Security for the Smart Home: Who’s Responsible?

This article is the second in a two-part series. Read the first part here.

by David West

Unlike enterprise and PC security, where the responsibility lies mainly with the end user organization, security for the smart home is primarily the responsibility of the OEM building the devices. However, the OEM is not solely responsible. Everyone involved in the development and deployment of the device plays an important role.

The role of the OEM
The OEM plays the primary role in security. They are ultimately responsible for specifying security requirements, implementing security in the smart home devices, and testing to ensure security requirements are met under a variety of conditions. The OEM is also responsible for selecting the operating system and processor, and for using security protocols, secure authentication, and protection mechanisms, such as an endpoint firewall. The OEM must also check and recheck their application level software for vulnerabilities that could be compromised by a determined attack.

The role of the OS vendor
While it is the role of the OEM to select the operating system, the OS vendor (or open source community creating and maintaining the OS) is responsible for ensuring the security of the OS itself. Typical communication protocols and services are bundled with the operating system and often provide the main attack vectors for hackers.   The OS vendor is responsible for ensuring the security of each of the components they provide.

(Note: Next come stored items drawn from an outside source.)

section \<open>Rectangles along a ray\<close>

definition dissected :: "complex set \<Rightarrow> complex \<Rightarrow> complex \<Rightarrow> real \<Rightarrow> real \<Rightarrow> real \<Rightarrow> bool" where
  "dissected A P u a b d \<longleftrightarrow>
     (\<exists>w \<in> {\<i> * u, - \<i> * u}. rect P u w a b d \<subseteq> A \<and> rect P u (- w) a b d \<inter> A = {})"

lemma dissected_if_cw_or_ccw:
  "dissected_cw A P u a b d \<or> dissected_ccw A P u a b d \<Longrightarrow> dissected A P u a b d"
  unfolding dissected_def dissected_cw_def dissected_ccw_def by auto

lemma ray_point_in_closure_rect:
  assumes "a < s" "s < b" "0 < d"
  shows "P + of_real s * u \<in> closure (rect P u w a b d)"
proof (rule Lim_in_closed_set[OF closed_closure _ trivial_limit_at_right_real])
  show "((\<lambda>t. P + of_real s * u + of_real t * w) \<longlongrightarrow> P + of_real s * u) (at_right 0)"
    by (auto intro!: tendsto_eq_intros)
  have "\<forall>\<^sub>F t in at_right 0. 0 < t \<and> t < d"
    using eventually_at_right_less order_tendstoD(2)[OF tendsto_ident_at \<open>0 < d\<close>]
    by (rule eventually_conj)
  then show "\<forall>\<^sub>F t in at_right 0. P + of_real s * u + of_real t * w \<in> closure (rect P u w a b d)"
  proof (rule eventually_mono)
    fix t assume "0 < t \<and> t < d"
    with assms have "P + of_real s * u + of_real t * w \<in> rect P u w a b d"
      unfolding rect_def by blast
    then show "P + of_real s * u + of_real t * w \<in> closure (rect P u w a b d)"
      using closure_subset by blast
  qed
qed

lemma dissected_ray_point_in_frontier:
  assumes "dissected A P u a b d" "a < s" "s < b" "0 < d"
  shows "P + of_real s * u \<in> frontier A"
proof -
  from assms(1) obtain w where "rect P u w a b d \<subseteq> A" "rect P u (- w) a b d \<subseteq> - A"
    unfolding dissected_def by blast
  then show ?thesis
    unfolding frontier_closures
    using ray_point_in_closure_rect[OF assms(2-4)] closure_mono by blast
qed

lemma dissected_constant_region_misses_rect:
  assumes "dissected A P u a b d" "W \<subseteq> A \<or> W \<inter> A = {}"
  obtains w where "w = \<i> * u \<or> w = - \<i> * u" "W \<inter> rect P u w a b d = {}"
proof -
  from assms(1) obtain w where w: "w = \<i> * u \<or> w = - \<i> * u"
    and "rect P u w a b d \<subseteq> A" "rect P u (- w) a b d \<inter> A = {}"
    unfolding dissected_def by blast
  with assms(2) have "W \<inter> rect P u (- w) a b d = {} \<or> W \<inter> rect P u w a b d = {}"
    by blast
  moreover have "- w = \<i> * u \<or> - w = - \<i> * u" using w by auto
  ultimately show thesis using that w by blast
qed

section \<open>Unit discs tangent to a ray\<close>

lemma orthonormal_frame_coordinates:
  fixes u w z :: complex
  assumes "u \<noteq> 0" "w = \<i> * u \<or> w = - \<i> * u"
  obtains p q :: real where "z = of_real p * u + of_real q * w"
proof -
  have "z = (z / u) * u"
    using assms(1) by simp
  also have "z / u = of_real (Re (z / u)) + of_real (Im (z / u)) * \<i>"
    by (simp add: complex_eq_iff)
  finally have z: "z = of_real (Re (z / u)) * u + of_real (Im (z / u)) * (\<i> * u)"
    by (simp add: algebra_simps)
  show thesis
    using assms(2)
  proof
    assume "w = \<i> * u" then show thesis using z that by blast
  next
    assume "w = - \<i> * u" then show thesis using z that[of _ "- Im (z / u)"] by simp
  qed
qed

lemma orthonormal_frame_norm_square:
  fixes u w :: complex
  assumes "norm u = 1" "w = \<i> * u \<or> w = - \<i> * u"
  shows "norm (of_real p * u + of_real q * w) ^ 2 = p^2 + q^2"
proof -
  have "of_real p * u + of_real q * w = (if w = \<i> * u then Complex p q else Complex p (- q)) * u"
    using assms(2) by (auto simp: complex_eq_iff)
  then show ?thesis
    using assms by (simp add: norm_mult cmod_power2)
qed

lemma shifted_centre_sum_squares_less_1:
  fixes p q e :: real
  assumes "p^2 + q^2 \<le> 1" "-1 < q" "0 < e" "e < 1"
  shows "((e - 1) * p)^2 + (e * (1 + q) - q)^2 < 1"
proof -
  have "((e - 1) * p)^2 + (e * (1 + q) - q)^2 \<le> (1 - e)^2 * (1 - q^2) + (e * (1 + q) - q)^2"
    using assms(1) by (simp add: power_mult_distrib power2_commute[of e 1] mult_left_mono)
  also have "\<dots> = 1 - 2 * e * (1 + q) * (1 - e)"
    by (simp add: power2_eq_square algebra_simps)
  also have "\<dots> < 1"
    using assms(2-4) by simp
  finally show ?thesis .
qed

lemma disc_meets_rect_near_ray_point:
  fixes u w x :: complex
  assumes u: "norm u = 1" and w: "w = \<i> * u \<or> w = - \<i> * u"
    and s: "a < s" "s < b" and "0 < d" and x: "x = P + of_real s * u"
    and disc: "p^2 + q^2 \<le> 1" and q: "-1 < q" and U: "open U" "x \<in> U"
  shows "U \<inter> ball (x + of_real p * u + of_real q * w) 1 \<inter> rect P u w a b d \<noteq> {}"
proof -
  define y where "y e = P + of_real (s + e * p) * u + of_real (e * (1 + q)) * w" for e
  have lim: "(y \<longlongrightarrow> x) (at_right 0)" "((\<lambda>e. e) \<longlongrightarrow> 0) (at_right 0)"
    "((\<lambda>e. s + e * p) \<longlongrightarrow> s) (at_right 0)" "((\<lambda>e. e * (1 + q)) \<longlongrightarrow> 0) (at_right 0)"
    unfolding y_def x by (auto intro!: tendsto_eq_intros)
  have "\<forall>\<^sub>F e in at_right 0. y e \<in> U \<and> 0 < e \<and> e < 1 \<and> a < s + e * p \<and> s + e * p < b \<and> e * (1 + q) < d"
    using topological_tendstoD[OF lim(1) U] eventually_at_right_less
      order_tendstoD(2)[OF lim(2) zero_less_one] order_tendstoD[OF lim(3)] order_tendstoD(2)[OF lim(4)]
      s \<open>0 < d\<close>
    by (intro eventually_conj) auto
  then obtain e where e: "y e \<in> U" "0 < e" "e < 1" "a < s + e * p" "s + e * p < b" "e * (1 + q) < d"
    using eventually_happens'[OF trivial_limit_at_right_real] by blast
  have "y e \<in> rect P u w a b d"
    unfolding rect_def y_def using e q by (intro CollectI exI conjI) auto
  moreover have "norm (y e - (x + of_real p * u + of_real q * w)) ^ 2 < 1"
  proof -
    have "y e - (x + of_real p * u + of_real q * w) =
        of_real ((e - 1) * p) * u + of_real (e * (1 + q) - q) * w"
      unfolding y_def x by (simp add: algebra_simps)
    then have "norm (y e - (x + of_real p * u + of_real q * w)) ^ 2 =
        ((e - 1) * p)^2 + (e * (1 + q) - q)^2"
      by (simp only: orthonormal_frame_norm_square[OF u w])
    also have "\<dots> < 1"
      using shifted_centre_sum_squares_less_1[OF disc q \<open>0 < e\<close> \<open>e < 1\<close>] .
    finally show ?thesis .
  qed
  then have "y e \<in> ball (x + of_real p * u + of_real q * w) 1"
    by (simp add: dist_norm norm_minus_commute abs_square_less_1)
  ultimately show ?thesis
    using e(1) by blast
qed

lemma disc_avoiding_rect_is_tangent:
  fixes u w c x :: complex
  assumes u: "norm u = 1" and w: "w = \<i> * u \<or> w = - \<i> * u"
    and s: "a < s" "s < b" and "0 < d" and x: "x = P + of_real s * u"
    and U: "open U" "x \<in> U" and "dist x c \<le> 1"
    and avoid: "U \<inter> ball c 1 \<inter> rect P u w a b d = {}"
  shows "c = x - w"
proof -
  have "u \<noteq> 0" using u by auto
  obtain p q where pq: "c - x = of_real p * u + of_real q * w"
    by (rule orthonormal_frame_coordinates[OF \<open>u \<noteq> 0\<close> w])
  then have c: "c = x + of_real p * u + of_real q * w"
    by (simp add: algebra_simps)
  have "p^2 + q^2 = norm (c - x) ^ 2"
    unfolding pq orthonormal_frame_norm_square[OF u w] ..
  also have "\<dots> \<le> 1"
    using \<open>dist x c \<le> 1\<close> by (simp add: dist_norm norm_minus_commute power_le_one)
  finally have disc: "p^2 + q^2 \<le> 1" .
  then have "q^2 \<le> 1"
    using zero_le_power2[of p] by linarith
  then have "\<bar>q\<bar> \<le> 1"
    by (simp add: abs_square_le_1)
  moreover have "\<not> -1 < q"
  proof
    assume "-1 < q"
    from disc_meets_rect_near_ray_point[OF u w s \<open>0 < d\<close> x disc this U] show False
      using avoid unfolding c by simp
  qed
  ultimately have "q = -1" by simp
  with disc have "p = 0" by simp
  with \<open>q = -1\<close> c show ?thesis by simp
qed

lemma neighbour_ray_point_in_tangent_disc:
  fixes u :: complex and \<tau> \<beta> s :: real
  assumes u: "norm u = 1" and \<tau>: "\<tau> = 1 \<or> \<tau> = -1" and \<beta>: "0 < \<beta>" "\<beta> < pi"
    and s: "0 < s" "s < cot \<beta>"
  shows "dist (P + of_real s * (u * cis (\<tau> * (2 * \<beta>)))) (P + of_real s * u + of_real \<tau> * \<i> * u) < 1"
proof -
  define z where "z = of_real s * cis (\<tau> * (2 * \<beta>)) - of_real s - of_real \<tau> * \<i>"
  have dist_z: "dist (P + of_real s * (u * cis (\<tau> * (2 * \<beta>)))) (P + of_real s * u + of_real \<tau> * \<i> * u) = norm z"
  proof -
    have "P + of_real s * (u * cis (\<tau> * (2 * \<beta>))) - (P + of_real s * u + of_real \<tau> * \<i> * u) = u * z"
      by (simp add: z_def algebra_simps)
    then show ?thesis
      using u by (simp add: dist_norm norm_mult)
  qed
  have "0 < sin \<beta>"
    using \<beta> by (simp add: sin_gt_zero)
  with s have gap: "0 < cos \<beta> - s * sin \<beta>"
    by (simp add: cot_def field_simps)
  have "cis (\<tau> * (2 * \<beta>)) = Complex (1 - 2 * sin \<beta> ^ 2) (\<tau> * (2 * sin \<beta> * cos \<beta>))"
    using \<tau> by (auto simp: complex_eq_iff cos_double_sin sin_double)
  then have "Re z = - 2 * s * sin \<beta> ^ 2" "Im z = \<tau> * (2 * s * sin \<beta> * cos \<beta> - 1)"
    by (simp_all add: z_def algebra_simps)
  moreover have "\<tau>^2 = 1"
    using \<tau> by auto
  ultimately have "norm z ^ 2 = (2 * s * sin \<beta> ^ 2)^2 + (2 * s * sin \<beta> * cos \<beta> - 1)^2"
    by (simp add: cmod_power2 power_mult_distrib)
  also have "\<dots> = 4 * s^2 * sin \<beta> ^ 2 * (sin \<beta> ^ 2 + cos \<beta> ^ 2) - 4 * s * sin \<beta> * cos \<beta> + 1"
    by algebra
  also have "\<dots> = 1 - 4 * s * sin \<beta> * (cos \<beta> - s * sin \<beta>)"
    by (simp add: power2_eq_square algebra_simps)
  also have "\<dots> < 1"
    using s(1) \<open>0 < sin \<beta>\<close> gap by simp
  finally show ?thesis
    unfolding dist_z by (simp add: abs_square_less_1)
qed

section \<open>Equiangular rays\<close>

definition equiangular_dir :: "real \<Rightarrow> nat \<Rightarrow> nat \<Rightarrow> complex" where
  "equiangular_dir \<theta> n k = cis (\<theta> + 2 * pi * real k / real n)"

lemma norm_equiangular_dir: "norm (equiangular_dir \<theta> n k) = 1"
  by (simp add: equiangular_dir_def)

lemma equiangular_dir_mod_add:
  assumes "0 < n"
  shows "equiangular_dir \<theta> n ((k + l) mod n) = equiangular_dir \<theta> n k * cis (2 * pi * real l / real n)"
proof -
  have "real (k + l) = real ((k + l) div n) * real n + real ((k + l) mod n)"
    by (metis of_nat_add of_nat_mult div_mult_mod_eq)
  then have mod: "real ((k + l) mod n) = real k + real l - real n * real ((k + l) div n)"
    by simp
  have "\<theta> + 2 * pi * real ((k + l) mod n) / real n =
      (\<theta> + 2 * pi * real k / real n + 2 * pi * real l / real n) - 2 * pi * real ((k + l) div n)"
    using assms unfolding mod by (simp add: field_simps)
  moreover have "cis (x - 2 * pi * real m) = cis x" for x and m :: nat
    by (simp flip: cis_divide)
  ultimately have "equiangular_dir \<theta> n ((k + l) mod n) =
      cis (\<theta> + 2 * pi * real k / real n + 2 * pi * real l / real n)"
    unfolding equiangular_dir_def by presburger
  then show ?thesis
    by (simp add: equiangular_dir_def cis_mult)
qed

lemma equiangular_neighbour_in_tangent_disc:
  assumes "2 \<le> n" "k < n" "\<tau> = 1 \<or> \<tau> = -1" "0 < s" "s < cot (pi / real n)"
  obtains k' where "k' < n" "P + of_real s * equiangular_dir \<theta> n k' \<in>
    ball (P + of_real s * equiangular_dir \<theta> n k + of_real \<tau> * \<i> * equiangular_dir \<theta> n k) 1"
proof -
  define l where "l = (if \<tau> = 1 then 1 else n - 1)"
  have "cis (2 * pi * real l / real n) = cis (\<tau> * (2 * (pi / real n)))"
  proof (cases "\<tau> = 1")
    case False
    with assms(1,3) have "2 * pi * real l / real n = \<tau> * (2 * (pi / real n)) + 2 * pi"
      by (simp add: l_def of_nat_diff field_simps)
    then show ?thesis by (simp flip: cis_mult)
  qed (simp add: l_def)
  then have shift: "equiangular_dir \<theta> n ((k + l) mod n) =
      equiangular_dir \<theta> n k * cis (\<tau> * (2 * (pi / real n)))"
    using assms(1) by (simp add: equiangular_dir_mod_add)
  have \<beta>: "0 < pi / real n" "pi / real n < pi"
    using assms(1) by (auto simp: field_simps)
  have "(k + l) mod n < n"
    using assms(1) by simp
  moreover have "dist (P + of_real s * equiangular_dir \<theta> n ((k + l) mod n))
      (P + of_real s * equiangular_dir \<theta> n k + of_real \<tau> * \<i> * equiangular_dir \<theta> n k) < 1"
    unfolding shift unfolding equiangular_dir_def
    by (rule neighbour_ray_point_in_tangent_disc[OF norm_cis assms(3) \<beta> assms(4,5)])
  ultimately show thesis
    using that by (simp add: dist_commute)
qed

section \<open>Layers at frontier points\<close>

lemma frontier_point_in_higher_layer:
  assumes j: "1 \<le> j" "j \<le> m" and disc: "ball c 1 \<subseteq> nbhd (As j)"
    and z: "z \<in> ball c 1" "z \<in> frontier (drawing As m)"
  shows "\<exists>i\<in>{j<..m}. z \<in> closure (nbhd (As i))"
proof (rule ccontr)
  assume "\<not> (\<exists>i\<in>{j<..m}. z \<in> closure (nbhd (As i)))"
  moreover define V where "V = ball c 1 - (\<Union>i\<in>{j<..m}. closure (nbhd (As i)))"
  ultimately have "open V" "z \<in> V"
    using z(1) by (auto intro!: open_Diff closed_UN)
  have "V \<inter> nbhd (As i) = {}" if "i \<in> {j<..m}" for i
    using that closure_subset[of "nbhd (As i)"] unfolding V_def by blast
  then have "V \<subseteq> drawing As m \<or> V \<inter> drawing As m = {}"
    using disc by (intro drawing_constant_on_last_layer[OF j]) (auto simp: V_def)
  then have "z \<in> interior (drawing As m) \<or> z \<in> interior (- drawing As m)"
    using interior_maximal[OF _ \<open>open V\<close>] \<open>z \<in> V\<close> by blast
  with z(2) show False
    by (auto simp: frontier_interiors)
qed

The role of the chip vendor
Chip vendors also play a key role in embedded device security. They are designing and manufacturing processors with built-in code verification capabilities, physical tampering detection, and encryption engines. Each feature allows OEMs to develop and deploy devices which verify they are running authentic code and detect when someone has physically opened a device. Once these events are tripped, they can then shut the device down or report the event to prevent additional tampering.

The role of the specialized security companies
OEMs, end users, and even RTOS companies do not always have the expertise ensuring all aspects of device security are addressed. Companies specializing in embedded device security provide expertise, tools, specialized security solutions, and security audit services. These companies play a critical role in embedded device security by verifying compliance with security standards, providing education to OEMs and end users, and testing devices to ensure they are not vulnerable to cyber-attacks.

The role of the end user
The end user is depending upon the OEM to build smart home devices and networks equipped with adequate security capability. However, the end user must ensure the device is deployed in a secure manner. They must properly set complex passwords, enable authentication, and perform any other steps required for security. Most security breaches are caused by simple carelessness. People are prone to using weak or default passwords, leaving their device open to attack.

The Role of Home Service Provider (cable company, broadband supplier, cellular phone company)
When Smart Home services are hosted by a service provider, they play a key role in security. Service Providers have the resources ensuring security is included in the network design and have enough market muscle to influence OEMs to build security into their products. An OEM is much more likely to implement security features to a service provider purchasing thousands of devices than they are to listen to an end user buying a single device. Service providers also ensure devices are deployed with secure passwords and with property security settings. The network needs need to be protected as well as the specific devices and other endpoints connected to the network.

The only way to ensure smart home security is through the coordinated effort of everyone involved in the development and use of the product. Unfortunately, no one group can, by their efforts alone, ensure a device is secure. However, a failure to implement or properly use security at any stage in the process results in significant security loopholes.

David West is the director of engineering for Icon Labs.